In the Japanese diet, meat and fish dishes can be prepared in any way, but it is better to avoid frying these products. From vegetable oils, olive oil should be chosen and then used in minimal amounts.

When preparing for the long-term (13 or 14 days) possibilities of the Japanese diet, you should consider taking an additionalmineral and vitamin complexas a long-term consumption of low-calorie foods, of course. . , creates a deficiency of these substances necessary for the human body.

Japanese Diet, Review, and Results

First, the apparent difference between the name of the diet and its absolutely non-oriental diet is discussed in various forums dealing with dietetics. As to the origins of this nutritional system, a number of variants and assumptions have been put forward, which, however, did not approach the solution of such a dissonance. Whatever it is, what matters in any weight loss diet is not its name, but its effectiveness in terms of weight loss, and in this sense, the opinions of people who have lost weight on the Japanese diet, as well as the comments of nutritionists, often agree with its positive assessment.

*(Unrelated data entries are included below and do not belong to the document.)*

(* Let $A$ be a finite-dimensional Leibniz algebra over a field. Then $A$ is nilpotent if and only if $A$ satisfies condition $k$, i.e. the only subalgebra $K$ of $A$ with $K+A^2=A$ is $K=A$.
   Context: A (left) Leibniz algebra is an algebra satisfying $x(yz)=(xy)z+y(xz)$ for all $x,y,z$. $A^2=AA$; lower central series $A^1=A$, $A^{j+1}=AA^j$; $A$ is nilpotent if $A^t=0$ for some $t$. *)

theory Defs
  imports Complex_Main
begin

text \<open>The algebra A is the whole carrier type 'v.\<close>

definition leibniz_algebra :: "('k::field \<Rightarrow> 'v::ab_group_add \<Rightarrow> 'v) \<Rightarrow> ('v \<Rightarrow> 'v \<Rightarrow> 'v) \<Rightarrow> bool" where
  "leibniz_algebra scale m \<longleftrightarrow>
     Vector_Spaces.vector_space scale \<and>
     (\<forall>x. Vector_Spaces.linear scale scale (m x)) \<and>
     (\<forall>y. Vector_Spaces.linear scale scale (\<lambda>x. m x y)) \<and>
     (\<forall>x y z. m x (m y z) = m (m x y) z + m y (m x z))"

definition finite_dim :: "('k::field \<Rightarrow> 'v::ab_group_add \<Rightarrow> 'v) \<Rightarrow> bool" where
  "finite_dim scale \<longleftrightarrow> (\<exists>B. finite B \<and> module.span scale B = UNIV)"

definition prod_sp :: "('k::field \<Rightarrow> 'v::ab_group_add \<Rightarrow> 'v) \<Rightarrow> ('v \<Rightarrow> 'v \<Rightarrow> 'v) \<Rightarrow> 'v set \<Rightarrow> 'v set \<Rightarrow> 'v set" where
  "prod_sp scale m X Y = module.span scale {m x y | x y. x \<in> X \<and> y \<in> Y}"

text \<open>Lower central series, shifted: lcs j = A^(j+1); lcs 0 = A, lcs (Suc j) = A (lcs j).\<close>
fun lcs :: "('k::field \<Rightarrow> 'v::ab_group_add \<Rightarrow> 'v) \<Rightarrow> ('v \<Rightarrow> 'v \<Rightarrow> 'v) \<Rightarrow> nat \<Rightarrow> 'v set" where
  "lcs scale m 0 = UNIV"
| "lcs scale m (Suc j) = prod_sp scale m UNIV (lcs scale m j)"

definition nilpotent_alg :: "('k::field \<Rightarrow> 'v::ab_group_add \<Rightarrow> 'v) \<Rightarrow> ('v \<Rightarrow> 'v \<Rightarrow> 'v) \<Rightarrow> bool" where
  "nilpotent_alg scale m \<longleftrightarrow> (\<exists>t. lcs scale m t = {0})"

definition subalgebra :: "('k::field \<Rightarrow> 'v::ab_group_add \<Rightarrow> 'v) \<Rightarrow> ('v \<Rightarrow> 'v \<Rightarrow> 'v) \<Rightarrow> 'v set \<Rightarrow> bool" where
  "subalgebra scale m K \<longleftrightarrow> module.subspace scale K \<and> (\<forall>x\<in>K. \<forall>y\<in>K. m x y \<in> K)"

definition condition_k :: "('k::field \<Rightarrow> 'v::ab_group_add \<Rightarrow> 'v) \<Rightarrow> ('v \<Rightarrow> 'v \<Rightarrow> 'v) \<Rightarrow> bool" where
  "condition_k scale m \<longleftrightarrow>
     (\<forall>K. subalgebra scale m K \<and> {k + a | k a. k \<in> K \<and> a \<in> prod_sp scale m UNIV UNIV} = UNIV
          \<longrightarrow> K = UNIV)"

end

theory Submission
  imports Defs
begin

According to most people who have experienced the productivity of this diet, adhering to the “Japanese” variety, planned for just 7 days, also shows tangible positive results in terms of getting rid of excess fat while keeping the muscle frame unchanged. It is important to leave a lot of positive opinions about the Japanese diet, with photos and recommendations of the results for people of different beginner weights. The wired line of such a diet for one week varies within 3-5 kilograms, and if maintained on longer versions (13 and 14 days) it is 5-8 kilograms. It is worth noting that the 14-day and 13-day reviews of the Japanese diet are almost identical in terms of their effectiveness in terms of weight loss, and the reason for the emergence of the 13-day diet is probably the desire to reduce such a strict diet by at least 24 hours.